Carrier は2016年2月にメキシコ移転を発表した。Indianapolis 工場は閉鎖とな る。移転は2017年に始まり、2019年に完了、約1,400人の雇用が犠牲になる。

Trump 氏はCarrierが2月のメキシコへの生産移転を発表した直後からこれを批判しており、最近も同社の名前をあげて移転を阻止する方針を明らかにしていた。

しかし、会社側は計画を進め、7月には労働組合が退職条件で会社側と合意している。

大統領選挙での勝利を受け、Trump氏はCarrier の親会社のUnited Technologies のGregory Hayes CEOに電話し、計画取り止めを求めた。CEOがメキシコに新工場を建設済みだと反論したのに対し、「貸すか、売るか、壊すかしろ。知ったことか」と応えたという。

インディアナ州知事でもあるPence 次期副大統領とHayes CEOが水面下で交渉した。

今回の合意に伴い、インディアナ州はCarrierに10年間で700万ドルの助成金を支給する。

具体的には以下の通り。

The Indiana Economic Development Corp. (インディアナ経済開発公社)は Carrierに対し、平均時給 30.91ドルで 1,069人の雇用を維持する条件で、

1)  年50万ドルの税額控除を10年間行う。(計500万ドル)

2)  従業員訓練費用の補助金として100万ドルを支払う。

3) Carrierが同工場に将来投資をすることを条件に100万ドルの税額控除を行う。

Carrierはこの取り決めで、工場の従業員1400人中 800人前後と本社の開発・ 管理要員など 300人前後の雇用を継続する。

United TechnologiesのCEOは、Indianapolis 工場を維持するため2年間で1600万ドル以上を投資すると表明している。

合計でも1年当たり70万ドルの助成で、工場移転で想定していたコスト削減効果のごく一部に 過ぎない。

米メディアによると、Carrier はメキシコでの平均賃金を日給11ドルと見込んでおり、30.91ドルとは大きな開きがある。
1,069人をメキシコに移す場合の人件費の差は年間 45百万ドルに達する。

親会社のUnited Technologies は子会社にジェットエンジン製造のPratt & Whitney を持つ防衛関連のコントラクターで、連邦政府向けの売上高は全体の約10%の56億ドルもある。連邦政府はまた、同社に15億ドルの研究開発費を払っている。

メディアでは同社とTrump 次期大統領との間でなんらかの約束があるのではないかと見ている。

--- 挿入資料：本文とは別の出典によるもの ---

(* Consider the heterogeneous cone percolation process on $\mathbb{T}_d^+$. If for some positive integer $n$ $$\liminf_{j\to\infty}\ d^n\prod_{k=0}^{n-1}\Big[1-\prod_{i=0}^{k}\mathbb{P}[R_{jn+i}<k+1-i]\Big] > 1,$$ then with positive probability the set $I$ of vertices reached from $\mathcal{O}$ is infinite (the process has a giant component with positive probability).
   Context: Let $d\ge2$, let $\mathbb{T}_d$ be the infinite tree in which every vertex has $d+1$ neighbours, with a fixed origin $\mathcal{O}$; $d(u,v)$ is graph distance and $u\le v$ means $u$ lies on the path from $\mathcal{O}$ to $v$. Fix a neighbour $w$ of $\mathcal{O}$ and let $\mathbb{T}_d^+$ be the subtree obtained by deleting all $x$ with $w\le x$; every vertex of $\mathbb{T}_d^+$ has exactly $d$ children. Heterogeneous cone percolation on $\mathbb{T}_d^+$: let $(R_z)_{z\in\mathbb{N}}$ be independent random variables with values in $\{0,1,2,\dots\}$ and $\mathbb{P}[R_z=0]<1$ for all $z$; let $(\bar R_u)_{u\in\mathbb{T}_d^+}$ be independent random variables with $\bar R_u$ distributed as $R_{d(\mathcal{O},u)}$. Let $B_u=\{v\in\mathbb{T}_d^+: u\le v,\ d(u,v)\le \bar R_u\}$, $I_0=\{\mathcal{O}\}$, $I_{m+1}=\bigcup_{x\in I_m}B_x$, $I=\bigcup_{m\ge0}I_m$. *)

theory Defs
  imports "HOL-Probability.Probability" "HOL-Library.Sublist"
begin

text \<open>Vertices of the rooted tree T_d^+ in which every vertex has exactly d children:
  finite words over the alphabet {0..<d}. The origin is the empty word, the children of u
  are u @ [a] for a < d, u \<le> v is "u is a prefix of v", d(O,u) = length u, and for
  u \<le> v the graph distance is d(u,v) = length v - length u.\<close>
definition tree_vertices :: "nat \<Rightarrow> nat list set" where
  "tree_vertices d = {u. \<forall>a\<in>set u. a < d}"

text \<open>The set I of vertices reached from the origin, for a given realisation r u of the
  radii Rbar_u: the least set containing the origin and closed under adding the cones
  B_x = {v. x \<le> v, d(x,v) \<le> r x} of its members (this is the union of the I_m).\<close>
inductive_set cone_reached :: "nat \<Rightarrow> (nat list \<Rightarrow> nat) \<Rightarrow> nat list set"
  for d :: nat and r :: "nat list \<Rightarrow> nat" where
  origin: "[] \<in> cone_reached d r"
| cone: "\<lbrakk>x \<in> cone_reached d r; v \<in> tree_vertices d; prefix x v; length v - length x \<le> r x\<rbrakk>
          \<Longrightarrow> v \<in> cone_reached d r"

end

theory Submission
  imports Defs
begin

text \<open>
  Group the levels into blocks of n. From a vertex u at depth j n, a word w of length n is
  crossed if every vertex of u @ w lies in a cone started at an ancestor inside the block.
  The events "level k of the block is reached" are increasing in the independent radii, so by
  the Harris inequality a block is crossed with probability at least the product in the
  hypothesis. The crossed blocks therefore behave like a branching process whose mean number of
  children eventually exceeds some c > 1. Bounding (1 - \<delta>)^x by its second order Taylor
  polynomial, induction on the number of generations shows that this process survives with
  probability at least \<delta> = 2 (c - 1) / d^(2n) (with c capped at 2). Opening the first levels
  along one path, which has positive probability because P[R_z > 0] > 0, lets the process start
  where it is supercritical, and letting the number of generations tend to infinity gives an
  infinite reached set with positive probability.
\<close>

section \<open>Reachability along paths\<close>

definition covered :: "(nat list \<Rightarrow> nat) \<Rightarrow> nat list \<Rightarrow> bool" where
  "covered r v \<longleftrightarrow> (\<forall>k<length v. \<exists>i\<le>k. k + 1 - i \<le> r (take i v))"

United Technologiesが軍用機事業で政府側の取引停止など報復を恐れたとの報道もある。
Trump次期大統領はUnited TechnologiesのCEOに対し、メキシコ移転で失業する従業員の多くを救済する道を探さなければ、次期政権の怒りを買うと警告していた。

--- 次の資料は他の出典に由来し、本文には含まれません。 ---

(* There exist a Banach algebra $A$ which is not nilpotent and a Banach $A$-bimodule $X$ such that $Mul_{2}(A,X)\subsetneq Mul_{3}(A,X)$.
   Context: A Banach algebra $A$ is nilpotent if there is $n\ge 2$ with $a_1a_2\cdots a_n=0$ for all $a_1,\dots,a_n\in A$. For $n\ge 2$, a bounded linear map $T:A\to X$ into a Banach $A$-bimodule is an $n$-multiplier if $T(a_1\cdots a_n)=a_1\cdot T(a_2\cdots a_n)=T(a_1\cdots a_{n-1})\cdot a_n$ for all $a_i\in A$; $Mul_n(A,X)$ is the set of all $n$-multipliers. *)

theory Defs
  imports "HOL-Analysis.Analysis"
begin

text \<open>Complex Banach spaces: the underlying type carries the (real) Banach space
  structure (norm, completeness); sm is a complex scalar multiplication extending
  the real one and compatible with the norm.\<close>
definition complex_banach_space :: "(complex \<Rightarrow> 'a::{real_normed_vector,banach} \<Rightarrow> 'a) \<Rightarrow> bool" where
  "complex_banach_space sm \<longleftrightarrow>
     (\<forall>c x y. sm c (x + y) = sm c x + sm c y) \<and>
     (\<forall>c d x. sm (c + d) x = sm c x + sm d x) \<and>
     (\<forall>c d x. sm (c * d) x = sm c (sm d x)) \<and>
     (\<forall>r x. sm (complex_of_real r) x = r *\<^sub>R x) \<and>
     (\<forall>c x. norm (sm c x) = cmod c * norm x)"

definition cbounded_linear ::
  "(complex \<Rightarrow> 'a::real_normed_vector \<Rightarrow> 'a) \<Rightarrow> (complex \<Rightarrow> 'b::real_normed_vector \<Rightarrow> 'b) \<Rightarrow> ('a \<Rightarrow> 'b) \<Rightarrow> bool" where
  "cbounded_linear smA smB f \<longleftrightarrow> bounded_linear f \<and> (\<forall>c x. f (smA c x) = smB c (f x))"

definition banach_algebra ::
  "(complex \<Rightarrow> 'a::{real_normed_vector,banach} \<Rightarrow> 'a) \<Rightarrow> ('a \<Rightarrow> 'a \<Rightarrow> 'a) \<Rightarrow> bool" where
  "banach_algebra smA mul \<longleftrightarrow>
     complex_banach_space smA \<and> bounded_bilinear mul \<and>
     (\<forall>c a b. mul (smA c a) b = smA c (mul a b) \<and> mul a (smA c b) = smA c (mul a b)) \<and>
     (\<forall>a b c. mul (mul a b) c = mul a (mul b c)) \<and>
     (\<forall>a b. norm (mul a b) \<le> norm a * norm b)"

definition banach_bimodule ::
  "(complex \<Rightarrow> 'a::{real_normed_vector,banach} \<Rightarrow> 'a) \<Rightarrow> ('a \<Rightarrow> 'a \<Rightarrow> 'a) \<Rightarrow>
   (complex \<Rightarrow> 'x::{real_normed_vector,banach} \<Rightarrow> 'x) \<Rightarrow> ('a \<Rightarrow> 'x \<Rightarrow> 'x) \<Rightarrow> ('x \<Rightarrow> 'a \<Rightarrow> 'x) \<Rightarrow> bool" where
  "banach_bimodule smA mul smX lft rgt \<longleftrightarrow>
     complex_banach_space smX \<and> bounded_bilinear lft \<and> bounded_bilinear rgt \<and>
     (\<forall>c a x. lft (smA c a) x = smX c (lft a x) \<and> lft a (smX c x) = smX c (lft a x)) \<and>
     (\<forall>c a x. rgt (smX c x) a = smX c (rgt x a) \<and> rgt x (smA c a) = smX c (rgt x a)) \<and>
     (\<forall>a b x. lft (mul a b) x = lft a (lft b x)) \<and>
     (\<forall>a b x. rgt x (mul a b) = rgt (rgt x a) b) \<and>
     (\<forall>a b x. lft a (rgt x b) = rgt (lft a x) b)"

fun mprod :: "('a \<Rightarrow> 'a \<Rightarrow> 'a) \<Rightarrow> 'a \<Rightarrow> 'a list \<Rightarrow> 'a" where
  "mprod m x [] = x"
| "mprod m x (y # ys) = m x (mprod m y ys)"

definition nilpotent_alg :: "('a::zero \<Rightarrow> 'a \<Rightarrow> 'a) \<Rightarrow> bool" where
  "nilpotent_alg mul \<longleftrightarrow> (\<exists>n\<ge>2. \<forall>a as. length as = n - 1 \<longrightarrow> mprod mul a as = 0)"

text \<open>n-multipliers: T(a1...an) = a1.T(a2...an) = T(a1...a(n-1)).an,
  with a1 = a, (a2,...,a(n-1)) = bs, an = c.\<close>
definition Mul ::
  "(complex \<Rightarrow> 'a::real_normed_vector \<Rightarrow> 'a) \<Rightarrow> ('a \<Rightarrow> 'a \<Rightarrow> 'a) \<Rightarrow>
   (complex \<Rightarrow> 'x::real_normed_vector \<Rightarrow> 'x) \<Rightarrow> ('a \<Rightarrow> 'x \<Rightarrow> 'x) \<Rightarrow> ('x \<Rightarrow> 'a \<Rightarrow> 'x) \<Rightarrow>
   nat \<Rightarrow> ('a \<Rightarrow> 'x) set" where
  "Mul smA mul smX lft rgt n = {T. cbounded_linear smA smX T \<and>
     (\<forall>a bs c. length bs = n - 2 \<longrightarrow>
        T (mprod mul a (bs @ [c])) = lft a (T (mprod mul (hd (bs @ [c])) (tl (bs @ [c])))) \<and>
        T (mprod mul a (bs @ [c])) = rgt (T (mprod mul a bs)) c)}"

end

theory Submission
  imports Defs
begin

text \<open>
  The module is the scalar field \<open>X = \<complex>\<close> with both actions zero.  For such a
  trivial bimodule an n-multiplier is just a bounded linear functional vanishing
  on all n-fold products, so \<open>Mul\<^sub>2 \<subseteq> Mul\<^sub>3\<close> holds for every associative
  algebra, and strictness amounts to a functional killing all triple products
  but not all double products.

  The algebra is \<open>A = \<complex>\<^sup>4\<close> with product
  \<open>a \<cdot> b = (a\<^sub>1b\<^sub>1, 0, a\<^sub>2b\<^sub>2, 0)\<close>: the idempotent \<open>e\<^sub>1\<close> makes
  \<open>A\<close> non-nilpotent, while every triple product has third coordinate zero although
  \<open>e\<^sub>2 \<cdot> e\<^sub>2 = e\<^sub>3\<close>.  The third coordinate functional is therefore a
  3-multiplier that is not a 2-multiplier.
\<close>

lemma complex_banach_space_vec:
  "complex_banach_space ((*s) :: complex \<Rightarrow> complex^'n \<Rightarrow> complex^'n)"
  unfolding complex_banach_space_def
proof (intro conjI allI)
  fix c :: complex and x :: "complex^'n"
  have "norm (c *s x) = L2_set (\<lambda>i. cmod c * cmod (x$i)) UNIV"
    by (simp add: norm_vec_def norm_mult)
  also have "\<dots> = cmod c * norm x"
    by (simp add: norm_vec_def L2_set_right_distrib)
  finally show "norm (c *s x) = cmod c * norm x" .
next
  fix r :: real and x :: "complex^'n"
  show "complex_of_real r *s x = r *\<^sub>R x"
    by (simp add: vec_eq_iff) (simp add: scaleR_conv_of_real)
qed (auto simp: vec_eq_iff algebra_simps)

lemma complex_banach_space_complex: "complex_banach_space (\<lambda>c z. c * (z::complex))"
  unfolding complex_banach_space_def
  by (auto simp: algebra_simps norm_mult scaleR_conv_of_real)

lemma trivial_banach_bimodule:
  fixes smA :: "complex \<Rightarrow> 'a::{real_normed_vector,banach} \<Rightarrow> 'a"
    and smX :: "complex \<Rightarrow> 'x::{real_normed_vector,banach} \<Rightarrow> 'x"
  assumes "complex_banach_space smX"
  shows "banach_bimodule smA mul smX (\<lambda>a x. 0) (\<lambda>x a. 0)"
proof -
  have "norm (smX c 0) = 0" for c
    using assms by (simp add: complex_banach_space_def)
  then have "\<And>c. smX c 0 = 0" by simp
  moreover have "bounded_bilinear (\<lambda>(a::'a) (x::'x). 0::'x)"
    and "bounded_bilinear (\<lambda>(x::'x) (a::'a). 0::'x)"
    by (standard; auto intro: exI[of _ 0])+
  ultimately show ?thesis
    using assms unfolding banach_bimodule_def by auto
qed

lemma Mul_trivial:
  fixes smA :: "complex \<Rightarrow> 'a::real_normed_vector \<Rightarrow> 'a"
    and smX :: "complex \<Rightarrow> 'x::real_normed_vector \<Rightarrow> 'x"
  assumes "n \<ge> 2"
  shows "Mul smA mul smX (\<lambda>a x. 0) (\<lambda>x a. 0) n =
    {T. cbounded_linear smA smX T \<and> (\<forall>a bs. length bs = n - 1 \<longrightarrow> T (mprod mul a bs) = 0)}"
proof -
  have "(\<forall>a bs c. length bs = n - 2 \<longrightarrow> T (mprod mul a (bs @ [c])) = 0) \<longleftrightarrow>
        (\<forall>a bs. length bs = n - 1 \<longrightarrow> T (mprod mul a bs) = 0)" for T :: "'a \<Rightarrow> 'x"
  proof safe
    fix a :: 'a and bs :: "'a list"
    assume vanish: "\<forall>a bs c. length bs = n - 2 \<longrightarrow> T (mprod mul a (bs @ [c])) = 0"
      and len: "length bs = n - 1"
    have "bs \<noteq> []" and "length (butlast bs) = n - 2"
      using len assms by auto
    then have "T (mprod mul a (butlast bs @ [last bs])) = 0"
      using vanish by blast
    with \<open>bs \<noteq> []\<close> show "T (mprod mul a bs) = 0" by simp
  next
    fix a c :: 'a and bs :: "'a list"
    assume vanish: "\<forall>a bs. length bs = n - 1 \<longrightarrow> T (mprod mul a bs) = 0"
      and len: "length bs = n - 2"
    have "length (bs @ [c]) = n - 1"
      using len assms by simp
    with vanish show "T (mprod mul a (bs @ [c])) = 0" by blast
  qed
  then show ?thesis
    unfolding Mul_def by auto
qed

lemma mprod_mult_left:
  assumes "\<forall>a b c. mul (mul a b) c = mul a (mul b c)"
  shows "mprod mul (mul a b) bs = mul a (mprod mul b bs)"
  using assms by (cases bs) auto

text \<open>Over an associative algebra, every n-multiplier of a trivial bimodule is
  an (n+1)-multiplier: an (n+1)-fold product is an n-fold one.\<close>
lemma Mul_trivial_mono:
  fixes smA :: "complex \<Rightarrow> 'a::real_normed_vector \<Rightarrow> 'a"
    and smX :: "complex \<Rightarrow> 'x::real_normed_vector \<Rightarrow> 'x"
  assumes assoc: "\<forall>a b c. mul (mul a b) c = mul a (mul b c)" and "n \<ge> 2"
  shows "Mul smA mul smX (\<lambda>a x. 0) (\<lambda>x a. 0) n \<subseteq> Mul smA mul smX (\<lambda>a x. 0) (\<lambda>x a. 0) (Suc n)"
proof -
  have "T (mprod mul a bs) = 0"
    if vanish: "\<forall>a bs. length bs = n - 1 \<longrightarrow> T (mprod mul a bs) = 0" and "length bs = n"
    for T :: "'a \<Rightarrow> 'x" and a bs
  proof -
    obtain b bs' where "bs = b # bs'" and "length bs' = n - 1"
      using \<open>length bs = n\<close> \<open>n \<ge> 2\<close> by (cases bs) auto
    then have "mprod mul a bs = mprod mul (mul a b) bs'"
      by (simp add: mprod_mult_left[OF assoc])
    with vanish \<open>length bs' = n - 1\<close> show ?thesis by simp
  qed
  then show ?thesis
    using \<open>n \<ge> 2\<close> by (auto simp: Mul_trivial)
qed

lemma mprod_idempotent:
  assumes "mul e e = e"
  shows "mprod mul e (replicate k e) = e"
  using assms by (induction k) auto

lemma idempotent_not_nilpotent:
  fixes mul :: "'a::zero \<Rightarrow> 'a \<Rightarrow> 'a"
  assumes "mul e e = e" and "e \<noteq> 0"
  shows "\<not> nilpotent_alg mul"
proof
  assume "nilpotent_alg mul"
  then obtain n where "\<forall>a as. length as = n - 1 \<longrightarrow> mprod mul a as = 0"
    unfolding nilpotent_alg_def by blast
  then have "mprod mul e (replicate (n - 1) e) = 0" by simp
  with assms show False by (simp add: mprod_idempotent)
qed

definition ex_mul :: "complex^4 \<Rightarrow> complex^4 \<Rightarrow> complex^4" where
  "ex_mul a b = (\<chi> i. if i = 1 then a$1 * b$1 else if i = 3 then a$2 * b$2 else 0)"

lemma ex_mul_nth [simp]:
  "ex_mul a b $ 1 = a$1 * b$1" "ex_mul a b $ 2 = 0"
  "ex_mul a b $ 3 = a$2 * b$2" "ex_mul a b $ 4 = 0"
  by (simp_all add: ex_mul_def)

lemma vec4_eq_iff: "(x::'a^4) = y \<longleftrightarrow> x$1 = y$1 \<and> x$2 = y$2 \<and> x$3 = y$3 \<and> x$4 = y$4"
  unfolding vec_eq_iff forall_4 ..

lemma norm_vec4: "norm (x::complex^4) = sqrt ((cmod (x$1))\<^sup>2 + (cmod (x$2))\<^sup>2 + (cmod (x$3))\<^sup>2 + (cmod (x$4))\<^sup>2)"
  by (simp add: norm_vec_def L2_set_def sum_4)

text \<open>Submultiplicativity: the two surviving coordinate products are dominated by
  the full product of the squared norms.\<close>
lemma norm_ex_mul: "norm (ex_mul a b) \<le> norm a * norm b"
proof -
  define p q r s where a_coords: "p = cmod (a$1)" "q = cmod (a$2)" "r = cmod (a$3)" "s = cmod (a$4)"
  define p' q' r' s' where b_coords: "p' = cmod (b$1)" "q' = cmod (b$2)" "r' = cmod (b$3)" "s' = cmod (b$4)"
  have "norm (ex_mul a b) = sqrt ((p * p')\<^sup>2 + (q * q')\<^sup>2)"
    by (simp add: norm_vec4 norm_mult a_coords b_coords)
  also have "\<dots> \<le> sqrt ((p\<^sup>2 + q\<^sup>2 + r\<^sup>2 + s\<^sup>2) * (p'\<^sup>2 + q'\<^sup>2 + r'\<^sup>2 + s'\<^sup>2))"
    by (rule real_sqrt_le_mono) (simp add: power_mult_distrib algebra_simps)
  also have "\<dots> = norm a * norm b"
    by (simp add: norm_vec4 real_sqrt_mult a_coords b_coords)
  finally show ?thesis .
qed

lemma banach_algebra_ex: "banach_algebra (*s) ex_mul"
proof -
  have "bounded_bilinear ex_mul"
  proof
    show "\<exists>K. \<forall>a b. norm (ex_mul a b) \<le> norm a * norm b * K"
      using norm_ex_mul by (intro exI[of _ 1]) simp
  qed (auto simp: vec4_eq_iff algebra_simps)
  then show ?thesis
    unfolding banach_algebra_def
    using complex_banach_space_vec norm_ex_mul by (auto simp: vec4_eq_iff algebra_simps)
qed

text \<open>The first unit vector is a nonzero idempotent.\<close>
lemma ex_not_nilpotent: "\<not> nilpotent_alg ex_mul"
  by (rule idempotent_not_nilpotent[of _ "axis 1 1"]) (auto simp: vec4_eq_iff axis_def)

lemma ex_coord3_cbounded_linear: "cbounded_linear (*s) (\<lambda>c z. c * z) (\<lambda>x::complex^4. x$3)"
  by (simp add: cbounded_linear_def bounded_linear_vec_nth)

lemma ex_coord3_triple: "ex_mul a (ex_mul b c) $ 3 = 0"
  by simp

lemma ex_coord3_square: "ex_mul (axis 2 1) (axis 2 1) $ 3 \<noteq> 0"
  by (simp add: axis_def)

theorem theorem2p6:
  shows "\<exists>(smA :: complex \<Rightarrow> complex^4 \<Rightarrow> complex^4) (mul :: complex^4 \<Rightarrow> complex^4 \<Rightarrow> complex^4)
           (smX :: complex \<Rightarrow> complex \<Rightarrow> complex) (lft :: complex^4 \<Rightarrow> complex \<Rightarrow> complex)
           (rgt :: complex \<Rightarrow> complex^4 \<Rightarrow> complex).
     banach_algebra smA mul \<and> \<not> nilpotent_alg mul \<and>
     banach_bimodule smA mul smX lft rgt \<and>
     Mul smA mul smX lft rgt 2 \<subset> Mul smA mul smX lft rgt 3"
proof (intro exI conjI)
  let ?Mul = "Mul (*s) ex_mul (\<lambda>c z. c * z) (\<lambda>a x. 0) (\<lambda>x a. 0)"
  show "banach_algebra (*s) ex_mul" by (rule banach_algebra_ex)
  show "\<not> nilpotent_alg ex_mul" by (rule ex_not_nilpotent)
  show "banach_bimodule (*s) ex_mul (\<lambda>c z. c * z) (\<lambda>a x. 0) (\<lambda>x a. 0)"
    by (rule trivial_banach_bimodule[OF complex_banach_space_complex])
  have assoc: "\<forall>a b c. ex_mul (ex_mul a b) c = ex_mul a (ex_mul b c)"
    using banach_algebra_ex unfolding banach_algebra_def by blast
  have "?Mul 2 \<subseteq> ?Mul 3"
    using Mul_trivial_mono[OF assoc, of 2] by (simp add: numeral_3_eq_3)
  moreover have "(\<lambda>x. x$3) \<in> ?Mul 3"
  proof -
    have "mprod ex_mul a bs $ 3 = 0" if len: "length bs = 3 - 1" for a bs
    proof -
      obtain b c where "bs = [b, c]"
        using len by (auto simp: length_Suc_conv numeral_2_eq_2)
      then show ?thesis by (simp add: ex_coord3_triple)
    qed
    then show ?thesis
      using ex_coord3_cbounded_linear by (simp add: Mul_trivial)
  qed
  moreover have "(\<lambda>x. x$3) \<notin> ?Mul 2"
  proof -
    have "mprod ex_mul (axis 2 1) [axis 2 1] $ 3 \<noteq> 0" and "length [axis 2 (1::complex)] = 2 - 1"
      using ex_coord3_square by simp_all
    then show ?thesis
      unfolding Mul_trivial[OF order_refl] by blast
  qed
  ultimately show "?Mul 2 \<subset> ?Mul 3" by blast
qed

end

同社は「Trump - Pence 次期政権がビジネス社会を支え、国内ビジネス環境の改善と競争力強化を進める方針を力説したため、今日の合意に至った」と表明した。

Trump次期大統領は12月1日に同工場を訪問した際、他の企業へのメッセージとして、生産を海外に移す企業が製品を米国に輸入する際、その製品に厳しい関税を課するとの誓約を実行する積もりだと 述べた。「我々は米国の労働者を守らねばならないということをCorporate America は理解する必要がある」と述べた。

12月4日のツイッターでは海外移転企業の米国への輸入品に35%を課税すると述べた。

また、NAFTAは「全くの災害」と批判し、「それは変わるだろう」と見直しの必要性を改めて示唆した。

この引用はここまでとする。